L’eutanasia in Olanda, legale dal 2002, ora può essere applicata anche in casi di pazienti affetti da demenza senile e Alzheimer. Il via libera arriva dalla Corte suprema.
Ci si ricorderà, forse, di Noa Pothoven, l’adolescente diciassettenne olandese che si è lasciata morire rinunciando a nutrirsi e idratarsi dopo anni di sofferenze e patimenti fisici e psichici, in seguito a violenze sessuali subite da bambina. Una notizia che fece il giro del mondo in brevissimo tempo, in quanto si parlò di “un’eutanasia legale”, o peggio di un’omicidio di Stato. Tuttavia, la notizia si rivelò essere poi infondata: la ragazzina si suicidò, lentamente, ma senza alcun aiuto da parte dello Stato. La vicenda, però, accese il già complicato tema del suicidio assistito, tema che oggi torna nuovamente sulle cronache.
Infatti, informa Agi, la Corte Suprema olandese ha dato via libera all’eutanasia per i pazienti affetti da demenza avanzata, anche se non in grado di intendere e di volere. Nello specifico, il Tribunale dell’Aia ha decretato che un medico in Olanda può procedere con l’eutanasia quando il paziente presenta una condizione clinica impossibile da migliorare e che causa enormi sofferenze e umiliazioni. La misura può essere applicata solo dopo la diagnosi di almeno due medici, e viene intrapresa anche se il paziente non è più in grado di dare l’ok a patto che abbia dato il consenso quando era ancora in possesso delle sue facoltà cognitive.
Oltre a quei casi in cui una persona si trova in coma irreversibile e non può comunicare in alcun modo con i medici, il suicidio assistito può essere applicato anche a quei pazienti che soffrono di demenza senile, Alzheimer e altre patologie degenerative incurabili che affliggono il sistema nervoso centrale. La Corte Suprema è arrivata alla decisione dopo anni di dibattito, aperto in particolare dal caso di una dottoressa che nel 2016 applicò l’eutanasia in Olanda su una donna di 74 anni, malata di Alzheimer. La paziente aveva già dichiarato prima del peggioramento delle sue condizioni di non voler convivere con la terribile malattia e la famiglia aveva dato il via libera. La dottoressa, riporta Repubblica, fu rinviata a processo.
Il pubblico ministero aveva poi rinviato il caso dinanzi la Corte Suprema “nell’interesse della legge“, proprio per chiarire le condizioni in cui un medico può procedere all’eutanasia anche se il paziente non è più in grado di rinnovare il suo consenso, quindi senza rischiare il processo. Sulla base dell’ultimo pronunciamento, quindi, i medici potranno procedere all’eutanasia anche per quelle persone che non sono in grado di rinnovare la propria scelta a causa dello stato di demenza.
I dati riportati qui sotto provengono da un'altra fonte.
text \<open>
  Let \<open>\<omega>(n)\<close> be the number of primes \<open>p \<le> t\<close> dividing \<open>M / n\<close>. Rankin's trick bounds the
  indicator of \<open>\<omega>(n) \<ge> K\<close> by \<open>exp (C (\<omega>(n) - K))\<close>. Writing \<open>exp C = 1 + a\<close>, the power
  \<open>(1 + a) ^ \<omega>(n)\<close> is the sum of \<open>a ^ card S\<close> over the sets \<open>S\<close> of primes \<open>p \<le> t\<close> dividing
  \<open>M / n\<close>. Summing over \<open>n\<close> first, for fixed \<open>S\<close> the \<open>n\<close> range over the divisors of \<open>M / \<Prod>S\<close>,
  so the inner sum is \<open>(1 \<star> f)(M / \<Prod>S) \<le> M / \<Prod>S\<close>. What remains is \<open>exp (-CK) M\<close> times the
  product of \<open>1 + a / p \<le> exp (a / p)\<close> over \<open>p \<le> t\<close>, and Mertens' estimate
  \<open>\<Sum> 1 / p \<le> ln (Log t) + O(1)\<close>, obtained from Chebyshev's bound \<open>\<Prod>\<^bsub>p \<le> n\<^esub> p \<le> 4 ^ n\<close> by partial
  summation, turns this into \<open>Log t powr (exp C - 1)\<close>.
\<close>

section \<open>Chebyshev's bound\<close>

lemma prime_powers_prod_dvd:
  fixes x :: nat
  assumes "finite S" "\<And>p. p \<in> S \<Longrightarrow> prime p" "\<And>p. p \<in> S \<Longrightarrow> p ^ e p dvd x"
  shows "(\<Prod>p\<in>S. p ^ e p) dvd x"
  using assms
proof (induction S rule: finite_induct)
  case empty
  then show ?case by simp
next
  case (insert p S)
  have "coprime (p ^ e p) (\<Prod>q\<in>S. q ^ e q)"
  proof (rule prod_coprime_right)
    fix q assume "q \<in> S"
    then have "coprime p q"
      using insert by (metis insert_iff primes_coprime)
    then show "coprime (p ^ e p) (q ^ e q)" by simp
  qed
  with insert show ?case by (simp add: divides_mult)
qed

lemma prod_primes_dvd_iff:
  fixes m :: nat
  assumes "finite S" "\<And>p. p \<in> S \<Longrightarrow> prime p"
  shows "\<Prod>S dvd m \<longleftrightarrow> (\<forall>p\<in>S. p dvd m)"
  using prime_powers_prod_dvd[OF assms, of "\<lambda>_. 1" m] dvd_prodI[OF assms(1), of _ "\<lambda>x. x"]
  by (auto intro: dvd_trans)

lemma primes_in_upper_half_prod_dvd_binomial:
  "\<Prod>{p::nat. prime p \<and> m + 1 < p \<and> p \<le> 2 * m + 1} dvd (2 * m + 1) choose m"
proof (subst prod_primes_dvd_iff, safe)
  fix p :: nat
  assume p: "prime p" "m + 1 < p" "p \<le> 2 * m + 1"
  have "fact (2 * m + 1) = fact m * fact (m + 1) * ((2 * m + 1) choose m)"
    using binomial_fact_lemma[of m "2 * m + 1"] by (simp add: ac_simps)
  moreover have "p dvd fact (2 * m + 1)" "\<not> p dvd fact m" "\<not> p dvd fact (m + 1)"
    using p prime_dvd_fact_iff[OF p(1)] by (auto simp del: fact_Suc)
  ultimately show "p dvd (2 * m + 1) choose m"
    using p(1) by (auto simp: prime_dvd_mult_iff)
qed auto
I Paesi Bassi sono stati uno dei primi Stati al mondo ad aver legalizzato l’eutanasia. In Italia, invece, eutanasia e suicidio assistito continuano a non essere legali, nonostante i numerosi casi al riguardo. Forse il primo e più famoso è quello della studentessa di Lecco, Eluana Englaro, che rimase coinvolta in un incidente stradale il 18 Gennaio 1992. In quel caso, furono i genitori a spingere per la sospensione dell’alimentazione, rappresentando le volontà della ragazza che aveva più volte affermato di non voler vivere in modo simile dopo aver appreso anni prima di una situazione analoga che aveva visto come protagonista un amico.
Un altro caso più recente è quello di Fabiano Antoniani, in arte DJ Fabo, un ragazzo milanese rimasto tetraplegico e cieco dopo un incidente stradale e che aveva più volte chiesto l’eutanasia a causa delle sue dolorosissime condizioni di vita. Fabiano di fronte all’ennesimo rinvio riguardante la legge per l’eutanasia in Italia è stato costretto a recarsi in Svizzera aiutato dall’attivista radicale Marco Cappato, dove ha infine potuto ricorrere al suicidio assistito nel Febbraio del 2017. Cappato si è poi costituito per affrontare il processo in Italia ed è stato assolto.